ETH: 2 pools are specified
Main Ethereum pool is us1.ethermine.org:4444
At least 16 GB of Virtual Memory is required for multi-GPU systems
Make sure you defined GPU_MAX_ALLOC_PERCENT 100
Be careful with overclocking, use default clocks for first tests
Press "s" for current statistics, "0".."9" to turn on/off cards, "r" to reload pools, "e" or "d" to select current pool
OpenCL initializing...

AMD Cards available: 1
GPU #0: Ellesmere, 1461 MB available, 36 compute units
GPU #0 recognized as Radeon RX 480/580

This same card at first initialization is detected with 8169 MB available.

Hardware:
https://pcpartpicker.com/list/f6Cyhq

Version:
0ebb105bd3a6cdd35d94663eabf245e9 Claymore.s.Dual.Ethereum.Decred_Siacoin_Lbry_Pascal.AMD.NVIDIA.GPU.Miner.v9.8.-.LINUX.tar.gz
a919e303d2250f2719c7a28bfebd9a79 ethdcrminer64

Drivers:
AMDGPU-PRO Driver Version 17.30 for Ubuntu 16.04.3

OS:
Ubuntu 16.04.3 LTS

[ 2017-09-07T12:57:26 agrajag9@eth1.srv.a9development.com:/home/agrajag9 ]
$ uname -a
Linux eth1.srv.a9development.com 4.4.0-93-generic #116-Ubuntu SMP Fri Aug 11 21:17:51 UTC 2017 x86_64 x86_64 x86_64 GNU/Linux
@koenvandenberge
Copy link

Same issue here on Windows 10

@LionRelaxe
Copy link

LionRelaxe commented Sep 21, 2017

Same here, it's systematically going lower and lower at each restart-inducing error, on two separate miners.
Setup:
Xubuntu 16.04 LTS, one miner with 1x RX580 4gb, one miner with 3x RX580 4gb.
Noticed on Claymore 10.0, pretty sure it happened on 9.7 too.
AMD Drivers 17.10, and also with 17.30 with the ROCm kernel.

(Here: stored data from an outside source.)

lemma openin_powerset_topology_agree:
  assumes "finite F" "F \<subseteq> carrier G"
  shows "openin (powerset_topology G) {q \<in> topspace (powerset_topology G). \<forall>x\<in>F. q x = p x}"
  using assms
proof (induction F rule: finite_induct)
  case (insert a F)
  have "continuous_map (powerset_topology G) (discrete_topology UNIV) (\<lambda>q. q a)"
    unfolding powerset_topology_def using insert.prems by (intro continuous_map_product_projection) auto
  then have "openin (powerset_topology G) {q \<in> topspace (powerset_topology G). q a \<in> {p a}}"
    by (rule openin_continuous_map_preimage) simp
  moreover have "{q \<in> topspace (powerset_topology G). \<forall>x\<in>insert a F. q x = p x} =
     {q \<in> topspace (powerset_topology G). q a \<in> {p a}} \<inter> {q \<in> topspace (powerset_topology G). \<forall>x\<in>F. q x = p x}"
    by auto
  ultimately show ?case using insert by (simp add: openin_Int)
qed simp

lemma closedin_powerset_topologyI:
  assumes "S \<subseteq> topspace (powerset_topology G)"
    and "\<And>p. p \<in> topspace (powerset_topology G) \<Longrightarrow> p \<notin> S \<Longrightarrow>
      \<exists>F. finite F \<and> F \<subseteq> carrier G \<and> (\<forall>q\<in>topspace (powerset_topology G). (\<forall>x\<in>F. q x = p x) \<longrightarrow> q \<notin> S)"
  shows "closedin (powerset_topology G) S"
  unfolding closedin_def
proof (rule conjI[OF assms(1)], subst openin_subopen, intro ballI)
  fix p assume p: "p \<in> topspace (powerset_topology G) - S"
  then obtain F where F: "finite F" "F \<subseteq> carrier G"
    "\<forall>q\<in>topspace (powerset_topology G). (\<forall>x\<in>F. q x = p x) \<longrightarrow> q \<notin> S"
    using assms(2)[of p] by blast
  let ?U = "{q \<in> topspace (powerset_topology G). \<forall>x\<in>F. q x = p x}"
  show "\<exists>U. openin (powerset_topology G) U \<and> p \<in> U \<and> U \<subseteq> topspace (powerset_topology G) - S"
  proof (intro exI conjI)
    show "openin (powerset_topology G) ?U" by (rule openin_powerset_topology_agree[OF F(1,2)])
    show "p \<in> ?U" using p by simp
    show "?U \<subseteq> topspace (powerset_topology G) - S" using F(3) by auto
  qed
qed

definition violates_normal_subgroup :: "('a, 'c) monoid_scheme \<Rightarrow> ('a \<Rightarrow> bool) \<Rightarrow> bool" where
  "violates_normal_subgroup G p \<longleftrightarrow> \<not> p \<one>\<^bsub>G\<^esub>
     \<or> (\<exists>a\<in>carrier G. \<exists>b\<in>carrier G. p a \<and> p b \<and> \<not> p (a \<otimes>\<^bsub>G\<^esub> b))
     \<or> (\<exists>a\<in>carrier G. p a \<and> \<not> p (inv\<^bsub>G\<^esub> a))
     \<or> (\<exists>x\<in>carrier G. \<exists>h\<in>carrier G. p h \<and> \<not> p (x \<otimes>\<^bsub>G\<^esub> h \<otimes>\<^bsub>G\<^esub> inv\<^bsub>G\<^esub> x))"

lemma normal_subgroup_space_iff:
  fixes G :: "('a, 'c) monoid_scheme" (structure)
  assumes "group G"
  shows "p \<in> normal_subgroup_space G \<longleftrightarrow>
    p \<in> topspace (powerset_topology G) \<and> \<not> violates_normal_subgroup G p"
proof
  assume "p \<in> normal_subgroup_space G"
  then obtain N where N: "N \<lhd> G" "p = set_to_point G N"
    unfolding normal_subgroup_space_def by auto
  interpret N: normal N G by fact
  have p_iff: "p x \<longleftrightarrow> x \<in> N" if "x \<in> carrier G" for x
    using N(2) that unfolding set_to_point_def by simp
  have "\<not> violates_normal_subgroup G p"
    unfolding violates_normal_subgroup_def
    using N.subgroup_axioms N.inv_op_closed2 by (auto simp: p_iff subgroup.one_closed subgroup.m_closed subgroup.m_inv_closed)
  then show "p \<in> topspace (powerset_topology G) \<and> \<not> violates_normal_subgroup G p"
    using N(2) set_to_point_in_topspace by simp
next
  interpret group G by fact
  assume p: "p \<in> topspace (powerset_topology G) \<and> \<not> violates_normal_subgroup G p"
  then have closed: "p \<one>" "\<And>a b. a \<in> carrier G \<Longrightarrow> b \<in> carrier G \<Longrightarrow> p a \<Longrightarrow> p b \<Longrightarrow> p (a \<otimes> b)"
    "\<And>a. a \<in> carrier G \<Longrightarrow> p a \<Longrightarrow> p (inv a)"
    "\<And>x h. x \<in> carrier G \<Longrightarrow> h \<in> carrier G \<Longrightarrow> p h \<Longrightarrow> p (x \<otimes> h \<otimes> inv x)"
    unfolding violates_normal_subgroup_def by blast+
  define N where "N = {x \<in> carrier G. p x}"
  have "set_to_point G N = restrict p (carrier G)"
    unfolding set_to_point_def N_def by (intro restrict_ext) simp
  also have "\<dots> = p"
    using p by (intro PiE_restrict[where B="\<lambda>_. UNIV"]) (simp add: topspace_powerset_topology)
  finally have p_eq: "set_to_point G N = p" .
  have "subgroup N G"
    by (intro subgroupI) (auto simp: N_def closed)
  then have "N \<lhd> G"
    unfolding normal_inv_iff by (auto simp: N_def closed)
  then show "p \<in> normal_subgroup_space G" using p_eq unfolding normal_subgroup_space_def by blast
qed

lemma violates_normal_subgroup_on_finite_set:
  fixes G :: "('a, 'c) monoid_scheme" (structure)
  assumes "group G" "violates_normal_subgroup G p"
  obtains F where "finite F" "F \<subseteq> carrier G" "\<And>q. \<forall>x\<in>F. q x = p x \<Longrightarrow> violates_normal_subgroup G q"
proof -
  interpret group G by fact
  consider "\<not> p \<one>"
    | a b where "a \<in> carrier G" "b \<in> carrier G" "p a" "p b" "\<not> p (a \<otimes> b)"
    | a where "a \<in> carrier G" "p a" "\<not> p (inv a)"
    | x h where "x \<in> carrier G" "h \<in> carrier G" "p h" "\<not> p (x \<otimes> h \<otimes> inv x)"
    using assms(2) unfolding violates_normal_subgroup_def by blast
  then show ?thesis
  proof cases
    case 1
    show ?thesis
    proof (rule that[of "{\<one>}"])
      fix q assume "\<forall>x\<in>{\<one>}. q x = p x"
      then show "violates_normal_subgroup G q" using 1 unfolding violates_normal_subgroup_def by simp
    qed simp_all
  next
    case 2
    show ?thesis
    proof (rule that[of "{a, b, a \<otimes> b}"])
      fix q assume "\<forall>x\<in>{a, b, a \<otimes> b}. q x = p x"
      then have "q a" "q b" "\<not> q (a \<otimes> b)" using 2 by auto
      then show "violates_normal_subgroup G q" using 2 unfolding violates_normal_subgroup_def by blast
    qed (use 2 in simp_all)
  next
    case 3
    show ?thesis
    proof (rule that[of "{a, inv a}"])
      fix q assume "\<forall>x\<in>{a, inv a}. q x = p x"
      then have "q a" "\<not> q (inv a)" using 3 by auto
      then show "violates_normal_subgroup G q" using 3 unfolding violates_normal_subgroup_def by blast
    qed (use 3 in simp_all)
  next
    case 4
    show ?thesis
    proof (rule that[of "{h, x \<otimes> h \<otimes> inv x}"])
      fix q assume "\<forall>y\<in>{h, x \<otimes> h \<otimes> inv x}. q y = p y"
      then have "q h" "\<not> q (x \<otimes> h \<otimes> inv x)" using 4 by auto
      then show "violates_normal_subgroup G q" using 4 unfolding violates_normal_subgroup_def by blast
    qed (use 4 in simp_all)
  qed
qed

lemma closedin_normal_subgroups_with:
  fixes G :: "('a, 'c) monoid_scheme" (structure)
  assumes "group G"
    and "\<And>N. N \<lhd> G \<Longrightarrow> \<not> P N \<Longrightarrow>
      \<exists>F. finite F \<and> F \<subseteq> carrier G \<and> (\<forall>N'. N' \<lhd> G \<longrightarrow> (\<forall>x\<in>F. x \<in> N' \<longleftrightarrow> x \<in> N) \<longrightarrow> \<not> P N')"
  shows "closedin (powerset_topology G) (set_to_point G ` {N. N \<lhd> G \<and> P N})"
    (is "closedin _ ?S")
proof (rule closedin_powerset_topologyI)
  show "?S \<subseteq> topspace (powerset_topology G)" using set_to_point_in_topspace by blast
  fix p assume p: "p \<in> topspace (powerset_topology G)" "p \<notin> ?S"
  show "\<exists>F. finite F \<and> F \<subseteq> carrier G \<and> (\<forall>q\<in>topspace (powerset_topology G). (\<forall>x\<in>F. q x = p x) \<longrightarrow> q \<notin> ?S)"
  proof (cases "violates_normal_subgroup G p")
    case True
    then obtain F where F: "finite F" "F \<subseteq> carrier G" "\<And>q. \<forall>x\<in>F. q x = p x \<Longrightarrow> violates_normal_subgroup G q"
      using violates_normal_subgroup_on_finite_set[OF assms(1) True] by blast
    have "?S \<subseteq> normal_subgroup_space G" unfolding normal_subgroup_space_def by blast
    then have "q \<notin> ?S" if "\<forall>x\<in>F. q x = p x" for q
      using F(3)[OF that] normal_subgroup_space_iff[OF assms(1)] by blast
    then show ?thesis using F(1,2) by blast
  next
    case False
    then obtain N where N: "N \<lhd> G" "p = set_to_point G N"
      using p(1) normal_subgroup_space_iff[OF assms(1)] unfolding normal_subgroup_space_def by blast
    then have "\<not> P N" using p(2) by blast
    then obtain F where F: "finite F" "F \<subseteq> carrier G"
      "\<forall>N'. N' \<lhd> G \<longrightarrow> (\<forall>x\<in>F. x \<in> N' \<longleftrightarrow> x \<in> N) \<longrightarrow> \<not> P N'"
      using assms(2)[OF N(1)] by blast
    have "q \<notin> ?S" if "\<forall>x\<in>F. q x = p x" for q
    proof
      assume "q \<in> ?S"
      then obtain N' where N': "N' \<lhd> G" "P N'" "q = set_to_point G N'" by blast
      have "\<forall>x\<in>F. x \<in> N' \<longleftrightarrow> x \<in> N"
        using that F(2) N(2) N'(3) unfolding set_to_point_def by (auto simp: subset_iff)
      then show False using F(3) N'(1,2) by blast
    qed
    then show ?thesis using F(1,2) by blast
  qed
qed

theorem corollary1p5:
  fixes G :: "('a, 'c) monoid_scheme"
  assumes "group G"
  defines "S \<equiv> set_to_point G ` {N. N \<lhd> G \<and>
              stably_finite (group_algebra (G Mod N) :: ('a set \<Rightarrow> 'k::field) ring)}"
  shows "closedin (subtopology (powerset_topology G) (normal_subgroup_space G)) S
       \<and> compactin (powerset_topology G) S"
proof -
  have "closedin (powerset_topology G) S"
    unfolding S_def by (rule closedin_normal_subgroups_with[OF assms(1) not_stably_finite_finitely_determined])
  moreover have "S \<subseteq> normal_subgroup_space G"
    unfolding S_def normal_subgroup_space_def by blast
  ultimately show ?thesis
    by (simp add: closedin_subset_topspace closedin_compact_space compact_space_powerset_topology)
qed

Note that pressing CTRL-C, and manually restarting miner restores the memory to maximum.

====
GPU0 t=57C fan=92%
DCR: 09/21/17-09:52:52 - New job from dcr-us.coinmine.pl:2222
DCR: 09/21/17-09:52:56 - New job from dcr-us.coinmine.pl:2222
ETH: Stratum - Cannot connect to us1.ethermine.org:4444
DevFee: ETH: Stratum - Failed to connect, retry in 20 sec...
ETH: 09/21/17-09:53:20 - New job from us2.ethermine.org:14444
ETH - Total Speed: 24.548 Mh/s, Total Shares: 6, Rejected: 0, Time: 00:21
ETH: GPU0 24.548 Mh/s
DCR - Total Speed: 1153.749 Mh/s, Total Shares: 35, Rejected: 1
DCR: GPU0 1153.749 Mh/s
GPU0 t=57C fan=92%
Miner thread hangs, need to restart miner!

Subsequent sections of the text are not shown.